» ACTIVITY: Copy all lines below that use the word "define".

==== DATA

lemma fbracket_eq_fexp_conj:
  fixes X1 X2 xi :: "nat \<Rightarrow> 'b \<Rightarrow> 'b"
  assumes X2: "\<And>n. klinear_on sc sc UNIV (X2 n)" "X2 0 = (\<lambda>x. 0)"
    and xi: "\<And>n. klinear_on sc sc UNIV (xi n)" "xi 0 = (\<lambda>x. 0)" "\<And>n x. x \<in> S \<Longrightarrow> xi n x \<in> S"
    and S: "vs.subspace S"
    and factor: "\<And>f. fapply (fexp sc X1) f = fapply (fexp sc X2) (fapply (fexp sc xi) f)"
    and P1: "\<And>n x y. x \<in> S \<Longrightarrow> y \<in> S \<Longrightarrow> P1 n x y \<in> S"
    and P1_sigma: "\<forall>f\<in>fps_over S. \<forall>g\<in>fps_over S. fapply (fexp sc X1) (fbracket P1 f g)
      = fbracket sigma (fapply (fexp sc X1) f) (fapply (fexp sc X1) g)"
    and P2_sigma: "\<forall>f\<in>fps_over S. \<forall>g\<in>fps_over S. fapply (fexp sc X2) (fbracket P2 f g)
      = fbracket sigma (fapply (fexp sc X2) f) (fapply (fexp sc X2) g)"
    and f: "f \<in> fps_over S" and g: "g \<in> fps_over S"
  shows "fbracket P2 f g
    = fapply (fexp sc xi) (fbracket P1 (fapply (fexp sc (fneg xi)) f) (fapply (fexp sc (fneg xi)) g))"
proof -
  define u where "u = fapply (fexp sc (fneg xi)) f"
  define v where "v = fapply (fexp sc (fneg xi)) g"
  have "additive (fneg xi n)" for n
    by (rule klinear_on_UNIV_additive[OF klinear_on_fneg[OF xi(1)]])
  moreover have "fneg xi n x \<in> S" if "x \<in> S" for n x
    using vs.subspace_neg[OF S xi(3)[OF that]] by (simp add: fneg_def)
  ultimately have uv: "u \<in> fps_over S" "v \<in> fps_over S"
    unfolding u_def v_def using f g xi(2) S by (auto intro!: fapply_fexp_in_fps_over simp: fneg_def)
  have f_eq: "f = fapply (fexp sc xi) u" and g_eq: "g = fapply (fexp sc xi) v"
    unfolding u_def v_def by (simp_all add: fapply_fexp_fneg_right_inverse[of xi, OF xi(1,2)])
  have "fapply (fexp sc X2) (fapply (fexp sc xi) (fbracket P1 u v))
      = fbracket sigma (fapply (fexp sc X2) f) (fapply (fexp sc X2) g)"
    using P1_sigma uv fbracket_in_fps_over[OF S P1 uv] by (simp add: f_eq g_eq flip: factor)
  also have "\<dots> = fapply (fexp sc X2) (fbracket P2 f g)"
    using P2_sigma f g by simp
  finally have "fapply (fexp sc xi) (fbracket P1 u v) = fbracket P2 f g"
    by (rule fapply_fexp_inj[of X2, OF X2])
  then show ?thesis
    by (simp add: u_def v_def)
qed

end

section \<open>Factoring one exponential through another\<close>

locale lambda_derivation_pair = k_algebra sc for sc :: "'k::field_char_0 \<Rightarrow> 'b::comm_ring_1 \<Rightarrow> 'b" +
  fixes X1 X2 :: "nat \<Rightarrow> 'b \<Rightarrow> 'b"
  assumes X1_0: "X1 0 = (\<lambda>x. 0)" and X1_derivation: "\<And>n. derivation_on sc UNIV (X1 n)"
    and X2_0: "X2 0 = (\<lambda>x. 0)" and X2_derivation: "\<And>n. derivation_on sc UNIV (X2 n)"
begin

text \<open>\<open>exp_quotient\<close> is the \<open>\<xi>\<close> of part (i), and \<open>exp_quotient_upto n\<close> its truncation after
  order \<open>n\<close>.\<close>

primrec exp_quotient_upto :: "nat \<Rightarrow> nat \<Rightarrow> 'b \<Rightarrow> 'b" where
  "exp_quotient_upto 0 = (\<lambda>_ _. 0)"
| "exp_quotient_upto (Suc n) = (exp_quotient_upto n)(Suc n := (\<lambda>a. fexp sc X1 (Suc n) a -
     fcomp (fexp sc X2) (fexp sc (exp_quotient_upto n)) (Suc n) a))"

definition exp_quotient :: "nat \<Rightarrow> 'b \<Rightarrow> 'b" where
  "exp_quotient n = exp_quotient_upto n n"

lemma exp_quotient_upto_stable: "k \<le> m \<Longrightarrow> exp_quotient_upto m k = exp_quotient k"
  unfolding exp_quotient_def by (induction m) (auto simp: le_Suc_eq)

lemma exp_quotient_upto_above: "n < k \<Longrightarrow> exp_quotient_upto n k = (\<lambda>x. 0)"
  by (induction n) auto

lemma exp_quotient_upto_0: "exp_quotient_upto n 0 = (\<lambda>x. 0)"
  by (induction n) auto

lemma X1_linear: "klinear_on sc sc UNIV (X1 n)" and X2_linear: "klinear_on sc sc UNIV (X2 n)"
  using X1_derivation X2_derivation by (simp_all add: derivation_on_def)

lemma fapply_fcomp_fexp_X2: "fapply (fcomp (fexp sc X2) G) f = fapply (fexp sc X2) (fapply G f)"
  by (rule fapply_fcomp[OF klinear_on_UNIV_additive[OF klinear_on_fexp[OF X2_linear]]])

========

» SOLUTION TO THIS TASK:
  define u where "u = fapply (fexp sc (fneg xi)) f"
  define v where "v = fapply (fexp sc (fneg xi)) g"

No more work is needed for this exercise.